Task requirements | Word for word, set down every line of the entries below from the line with "p2 + e2 \<le>" to the line with "p2) \<le> (s", including both, and no other line.

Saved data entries
********

(* Let $B$ be any closed Euclidean ball in $\mathbb R^n$, let $S^*$ be a regular simplex inscribed into $B$, and let $P^*:C(B)\to\Pi_1(\mathbb R^n)$ be the interpolation projector with nodes at the vertices of $S^*$. Define $\psi(t)=\frac{2\sqrt n}{n+1}\big(t(n+1-t)\big)^{1/2}+\big|1-\frac{2t}{n+1}\big|$ for $0\le t\le n+1$, and $a=\big\lfloor\frac{n+1}2-\frac{\sqrt{n+1}}2\big\rfloor$. Then $$\|P^*\|_B=\max\{\psi(a),\psi(a+1)\},\qquad \sqrt n\le\|P^*\|_B\le\sqrt{n+1}.$$ Moreover, $\|P^*\|_B=\sqrt n$ only for $n=1$, and $\|P^*\|_B=\sqrt{n+1}$ if and only if $\sqrt{n+1}$ is an integer.
   Context: $C(B)$ is the space of continuous functions on $B$ with sup norm; $\Pi_1(\mathbb R^n)$ is the space of polynomials of degree $\le1$. The interpolation projector with nodes $x^{(1)},\dots,x^{(n+1)}$ (vertices of a nondegenerate simplex) maps $f$ to the unique $p\in\Pi_1(\mathbb R^n)$ with $p(x^{(j)})=f(x^{(j)})$; $\|P\|_B$ is its operator norm. A simplex is inscribed into $B$ if its vertices lie on the boundary sphere of $B$. *)

theory Defs
  imports "HOL-Analysis.Analysis"
begin

definition Pi1 :: "(real^'n \<Rightarrow> real) set" where
  "Pi1 = {p. \<exists>a b. p = (\<lambda>x. a \<bullet> x + b)}"

definition nondeg_simplex :: "(nat \<Rightarrow> real^'n) \<Rightarrow> bool" where
  "nondeg_simplex x \<longleftrightarrow> inj_on x {..CARD('n)} \<and> \<not> affine_dependent (x ` {..CARD('n)})"

definition regular_simplex :: "(nat \<Rightarrow> real^'n) \<Rightarrow> bool" where
  "regular_simplex x \<longleftrightarrow> nondeg_simplex x \<and>
     (\<forall>i\<le>CARD('n). \<forall>j\<le>CARD('n). \<forall>k\<le>CARD('n). \<forall>l\<le>CARD('n).
        i \<noteq> j \<longrightarrow> k \<noteq> l \<longrightarrow> dist (x i) (x j) = dist (x k) (x l))"

definition inscribed :: "(nat \<Rightarrow> real^'n) \<Rightarrow> real^'n \<Rightarrow> real \<Rightarrow> bool" where
  "inscribed x c r \<longleftrightarrow> (\<forall>j\<le>CARD('n). x j \<in> sphere c r)"

definition interp :: "(nat \<Rightarrow> real^'n) \<Rightarrow> (real^'n \<Rightarrow> real) \<Rightarrow> (real^'n \<Rightarrow> real)" where
  "interp x f = (THE p. p \<in> Pi1 \<and> (\<forall>j\<le>CARD('n). p (x j) = f (x j)))"

definition proj_norm :: "(nat \<Rightarrow> real^'n) \<Rightarrow> (real^'n) set \<Rightarrow> real" where
  "proj_norm x B = Sup {Sup ((\<lambda>y. \<bar>interp x f y\<bar>) ` B) | f.
      continuous_on B f \<and> (\<forall>y\<in>B. \<bar>f y\<bar> \<le> 1)}"

definition psi :: "nat \<Rightarrow> real \<Rightarrow> real" where
  "psi n t = 2 * sqrt (real n) / (real n + 1) * sqrt (t * (real n + 1 - t))
             + \<bar>1 - 2 * t / (real n + 1)\<bar>"

end

(*
  Write v j = x j - c.  Regularity and inscription give v i . v j = -r^2/n for i ~= j and
  sum_j v j = 0, so the barycentric coordinates of the simplex are the explicit affine functions
  bary j y = (1 + n/r^2 * v j . (y - c)) / (n + 1) and the projector is
  P f = sum_j f (x j) * bary j.  For |f| <= 1, |P f y| <= sum_j |bary j y|, the value at y of the
  affine function with vertex values +1 on J = {j. bary j y >= 0} and -1 elsewhere.  By
  Cauchy-Schwarz the maximal modulus of that function on the ball is psi |J|, and a clipped copy of
  it attains this.  Hence the norm is the maximum of psi over the integers 0..n+1.

  With e = |(n+1)/2 - t| and p = sqrt (t (n+1-t)) one has p^2 + e^2 = ((n+1)/2)^2 and
  (n+1)/2 * psi t = sqrt n * p + e.  Along this arc the weighted sum increases in e while
  p >= sqrt n * e, i.e. up to e = sqrt (n+1)/2, and decreases afterwards, so the integer maximum sits
  at a or a + 1.  Lagrange's identity bounds sqrt n * p + e by sqrt (n+1) * (n+1)/2, with equality
  iff (n+1-2t)^2 = n+1, which for t = a forces sqrt (n+1) to be an integer.  For n >= 2 one of
  a, a + 1 has e strictly between 0 and sqrt n, and there psi t > sqrt n.
*)
theory Submission
  imports Defs
begin

section \<open>The function psi\<close>

lemma weighted_circle_sum_mono:
  fixes s p1 p2 e1 e2 :: real
  assumes "p1^2 + e1^2 = p2^2 + e2^2" "0 \<le> p1" "0 \<le> p2" "0 \<le> e1" "e1 \<le> e2"
    "0 \<le> s" "s * e2 \<le> p2"
  shows "s * p1 + e1 \<le> s * p2 + e2"
proof -
  have "p2^2 \<le> p1^2"
    using assms(1,4,5) power_mono[of e1 e2 2] by linarith
  then have "p2 \<le> p1"
    using assms(2) by (rule power2_le_imp_le)
  have diff: "(p1 - p2) * (p1 + p2) = (e2 - e1) * (e2 + e1)"
    using assms(1) by (simp add: power2_eq_square algebra_simps)
  have "s * e1 \<le> s * e2"
    using assms by (intro mult_left_mono)
  then have "s * (e2 + e1) \<le> p1 + p2"
    using assms \<open>p2 \<le> p1\<close> by (simp add: distrib_left)
  then have "(e2 - e1) * (s * (e2 + e1)) \<le> (e2 - e1) * (p1 + p2)"
    using assms(5) by (intro mult_left_mono) auto
  moreover have "(s * (p1 - p2)) * (p1 + p2) = (e2 - e1) * (s * (e2 + e1))"
    using diff by (metis mult.assoc mult.left_commute)
  ultimately have "(s * (p1 - p2)) * (p1 + p2) \<le> (e2 - e1) * (p1 + p2)"
    by linarith
  moreover have "0 \<le> p1 + p2" using assms by simp
  ultimately have "s * (p1 - p2) \<le> e2 - e1 \<or> p1 = 0 \<and> p2 = 0"
    using assms(2,3) by (metis add_nonneg_eq_0_iff mult_right_le_imp_le order_le_less)
  then show ?thesis
    using assms(5) by (auto simp: algebra_simps)
qed

lemma weighted_circle_sum_antimono:
  fixes s p1 p2 e1 e2 :: real
  assumes "p1^2 + e1^2 = p2^2 + e2^2" "0 \<le> p1" "0 \<le> p2" "0 \<le> e1" "e1 \<le> e2"
    "0 \<le> s" "p1 \<le> s * e1"
  shows "s * p2 + e2 \<le> s * p1 + e1"
proof -
  have "p2^2 \<le> p1^2"
    using assms(1,4,5) power_mono[of e1 e2 2] by linarith
  then have "p2 \<le> p1"
    using assms(2) by (rule power2_le_imp_le)
  have diff: "(p1 - p2) * (p1 + p2) = (e2 - e1) * (e2 + e1)"
    using assms(1) by (simp add: power2_eq_square algebra_simps)
  have "s * e1 \<le> s * e2"
    using assms by (intro mult_left_mono)
  then have "p1 + p2 \<le> s * (e2 + e1)"
    using assms \<open>p2 \<le> p1\<close> by (simp add: distrib_left)
  then have "(e2 - e1) * (p1 + p2) \<le> (e2 - e1) * (s * (e2 + e1))"
    using assms(5) by (intro mult_left_mono) auto
  moreover have "(s * (p1 - p2)) * (p1 + p2) = (e2 - e1) * (s * (e2 + e1))"
    using diff by (metis mult.assoc mult.left_commute)
  ultimately have "(e2 - e1) * (p1 + p2) \<le> (s * (p1 - p2)) * (p1 + p2)"
    by linarith
  moreover have "0 \<le> p1 + p2" using assms by simp
  ultimately have "e2 - e1 \<le> s * (p1 - p2) \<or> p1 = 0 \<and> p2 = 0"
    using assms(2,3) by (metis add_nonneg_eq_0_iff mult_right_le_imp_le order_le_less)
  moreover have "e1 = e2" if "p1 = 0" "p2 = 0"
    using assms(1,4,5) that by (simp add: power2_eq_iff_nonneg)
  ultimately show ?thesis
    by (auto simp: algebra_simps)
qed

lemma arc_circle:
  assumes "0 \<le> t" "t \<le> m"
  shows "sqrt (t * (m - t))^2 + \<bar>m / 2 - t\<bar>^2 = (m / 2)^2"
proof -
  have "sqrt (t * (m - t))^2 = t * (m - t)"
    using assms by simp
  then show ?thesis
    by (simp add: power2_eq_square algebra_simps)
qed

lemma psi_eq_arc:
  assumes "0 \<le> t" "t \<le> real n + 1"
  shows "(real n + 1) / 2 * psi n t
    = sqrt (real n) * sqrt (t * (real n + 1 - t)) + \<bar>(real n + 1) / 2 - t\<bar>"
proof -
  define m where "m = real n + 1"
  have "0 < m"
    unfolding m_def by simp
  then have "m / 2 * (1 - 2 * t / m) = m / 2 - t"
    by (simp add: field_simps)
  then have "m / 2 * \<bar>1 - 2 * t / m\<bar> = \<bar>m / 2 - t\<bar>"
    using \<open>0 < m\<close> by (metis abs_mult abs_of_pos half_gt_zero)
  then show ?thesis
    unfolding psi_def m_def by (simp add: distrib_left)
qed

lemma psi_arc_defect:
  assumes "0 \<le> t" "t \<le> real n + 1"
  shows "(sqrt (t * (real n + 1 - t)) - sqrt (real n) * \<bar>(real n + 1) / 2 - t\<bar>)^2
    = ((real n + 1) / 2 * sqrt (real n + 1))^2 - ((real n + 1) / 2 * psi n t)^2"
proof -
  define m p e where "m = real n + 1" and "p = sqrt (t * (m - t))" and "e = \<bar>m / 2 - t\<bar>"
  have psi: "m / 2 * psi n t = sqrt (real n) * p + e"
    using psi_eq_arc[OF assms] unfolding m_def p_def e_def .
  have "(sqrt (real n) * p + e)^2 + (p - sqrt (real n) * e)^2 = m * (p^2 + e^2)"
    unfolding m_def by (simp add: power2_eq_square algebra_simps)
  also have "\<dots> = (m / 2 * sqrt m)^2"
    using arc_circle[of t m] assms unfolding m_def p_def e_def
    by (simp add: power_mult_distrib power2_eq_square)
  finally have "(p - sqrt (real n) * e)^2 = (m / 2 * sqrt m)^2 - (m / 2 * psi n t)^2"
    unfolding psi by linarith
  then show ?thesis
    unfolding m_def p_def e_def .
qed

lemma arc_diagonal_gap:
  fixes p e :: real
  assumes "p^2 + e^2 = ((real n + 1) / 2)^2"
  shows "(sqrt (real n) * e)^2 - p^2 = (real n + 1) / 4 * ((2 * e)^2 - (real n + 1))"
proof -
  have "(sqrt (real n) * e)^2 = real n * e^2"
    by (simp add: power_mult_distrib)
  then show ?thesis
    using assms by (simp add: power2_eq_square field_simps)
qed

lemma arc_below_diagonal:
  fixes p e :: real
  assumes "p^2 + e^2 = ((real n + 1) / 2)^2" "0 \<le> e" "sqrt (real n + 1) \<le> 2 * e"
  shows "p \<le> sqrt (real n) * e"
proof -
  have "real n + 1 \<le> (2 * e)^2"
    using assms(3) by (rule sqrt_le_D)
  then have "0 \<le> (real n + 1) / 4 * ((2 * e)^2 - (real n + 1))"
    by simp
  then have "p^2 \<le> (sqrt (real n) * e)^2"
    using arc_diagonal_gap[OF assms(1)] by linarith
  moreover have "0 \<le> sqrt (real n) * e"
    using assms(2) by simp
  ultimately show ?thesis
    by (rule power2_le_imp_le)
qed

********

Exercise output |
  shows "s * p2 + e2 \<le> s * p1 + e1"
proof -
  have "p2^2 \<le> p1^2"
    using assms(1,4,5) power_mono[of e1 e2 2] by linarith
  then have "p2 \<le> p1"
    using assms(2) by (rule power2_le_imp_le)
  have diff: "(p1 - p2) * (p1 + p2) = (e2 - e1) * (e2 + e1)"
    using assms(1) by (simp add: power2_eq_square algebra_simps)
  have "s * e1 \<le> s * e2"
    using assms by (intro mult_left_mono)
  then have "p1 + p2 \<le> s * (e2 + e1)"
    using assms \<open>p2 \<le> p1\<close> by (simp add: distrib_left)
  then have "(e2 - e1) * (p1 + p2) \<le> (e2 - e1) * (s * (e2 + e1))"
    using assms(5) by (intro mult_left_mono) auto
  moreover have "(s * (p1 - p2)) * (p1 + p2) = (e2 - e1) * (s * (e2 + e1))"
    using diff by (metis mult.assoc mult.left_commute)
  ultimately have "(e2 - e1) * (p1 + p2) \<le> (s * (p1 - p2)) * (p1 + p2)"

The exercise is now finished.